Search code examples
pythonstreampython-itertoolschunking

python: is there a library function for chunking an input stream?


I want to chunk an input stream for batch processing. Given an input list or generator,

x_in = [1, 2, 3, 4, 5, 6 ...]

I want a function that will return chunks of that input. Say, if chunk_size=4, then,

x_chunked = [[1, 2, 3, 4], [5, 6, ...], ...]

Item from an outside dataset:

(* For every type $\lambda$ of degree $d$, $$H_\lambda=\sum_{\tau}a(\tau,\lambda)\,M_\tau,\qquad E^+_\lambda=\sum_\tau e(\tau,\lambda)\,M_\tau,$$ the sums over all types $\tau$ of degree $d$, where $a(\tau,\lambda)$ is the number of arrangements of $\tau$ into $\lambda$ and $e(\tau,\lambda)$ the number of such arrangements with all entries in $\{0,1\}$. Moreover $a(\tau,\lambda)=a(\lambda^t,\tau^t)$ and $e(\tau,\lambda)=e(\lambda^t,\tau^t)$, the equalities being realized by the bijection $A\mapsto A^T$ on arrangements.
   Context: Let $x_{ij}$ ($i,j\ge1$) be indeterminates with $x_{ij}$ of degree $i$. The ring $\mathrm{PS}_{\mathbb Z}$ of polysymmetric functions is the ring of formal sums of monomials in the $x_{ij}$ of bounded degree with integer coefficients that are invariant under all permutations of the index set $\mathbb N_{>0}^2$ preserving the first coordinate. A type of degree $d$ is a finite multiset of pairs $(b,m)$ of positive integers with $\sum bm=d$; its transpose $\tau^t$ replaces each $(b,m)$ by $(m,b)$. A monomial $x_{i_1j_1}^{m_1}\cdots x_{i_rj_r}^{m_r}$ with distinct variables and $m_k\ge1$ has type $\{(i_1,m_1),\dots,(i_r,m_r)\}$; $M_\tau$ is the sum of all monomials of type $\tau$. $H_d$ is the sum of all monomials of degree $d$ and $E^+_d$ the sum of all squarefree monomials of degree $d$; for a type $\lambda$, $H_\lambda=\prod_{(d,m)\in\lambda}H_d(x_{**}^m)$ and $E^+_\lambda=\prod_{(d,m)\in\lambda}E^+_d(x_{**}^m)$, where $f(x_{**}^m)$ means substituting $x_{ij}\mapsto x_{ij}^m$. For types $\tau=\{(b_1,m_1),\dots,(b_r,m_r)\}$ and $\lambda=\{(c_1,n_1),\dots,(c_s,n_s)\}$ (in fixed orderings), an arrangement of $\tau$ into $\lambda$ is an $r\times s$ non-negative integer matrix $A$ with $A\vec n=\vec m$ and $A^T\vec b=\vec c$. *)

theory Defs
  imports Main "HOL-Library.Poly_Mapping" "HOL-Library.Multiset" "HOL-Library.Product_Lexorder"
begin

This is something I do over and over, and was wondering if there is a more standard way than writing it myself. Am I missing something in itertools? (One could solve the problem with enumerate and groupby, but that feels clunky.) In case anyone wants to see an implementation, here it is,

def chunk_input_stream(input_stream, chunk_size):
    """partition a generator in a streaming fashion"""
    assert chunk_size >= 1
    accumulator = []
    for x in input_stream:
        accumulator.append(x)
        if len(accumulator) == chunk_size:
            yield accumulator
            accumulator = []
    if accumulator:
        yield accumulator

Edit

Inspired by kreativitea's answer, here's a solution with islice, which is straightforward & doesn't require post-filtering,

from itertools import islice

def chunk_input_stream(input_stream, chunk_size):
    while True:
        chunk = list(islice(input_stream, chunk_size))
        if chunk:
            yield chunk
        else:
            return

# test it with list(chunk_input_stream(iter([1, 2, 3, 4]), 3))

Solution

  • [Updated version thanks to the OP: I've been throwing yield from at everything in sight since I upgraded and it didn't even occur to me that I didn't need it here.]

    Oh, what the heck:

    from itertools import takewhile, islice, count
    
    def chunk(stream, size):
        return takewhile(bool, (list(islice(stream, size)) for _ in count()))
    

    which gives:

    >>> list(chunk((i for i in range(3)), 3))
    [[0, 1, 2]]
    >>> list(chunk((i for i in range(6)), 3))
    [[0, 1, 2], [3, 4, 5]]
    >>> list(chunk((i for i in range(8)), 3))
    [[0, 1, 2], [3, 4, 5], [6, 7]]
    

    Warning: the above suffers the same problem as the OP's chunk_input_stream if the input is a list. You could get around this with an extra iter() wrap but that's less pretty. Conceptually, using repeat or cycle might make more sense than count() but I was character-counting for some reason. :^)

    [FTR: no, I'm still not entirely serious about this, but hey-- it's a Monday.]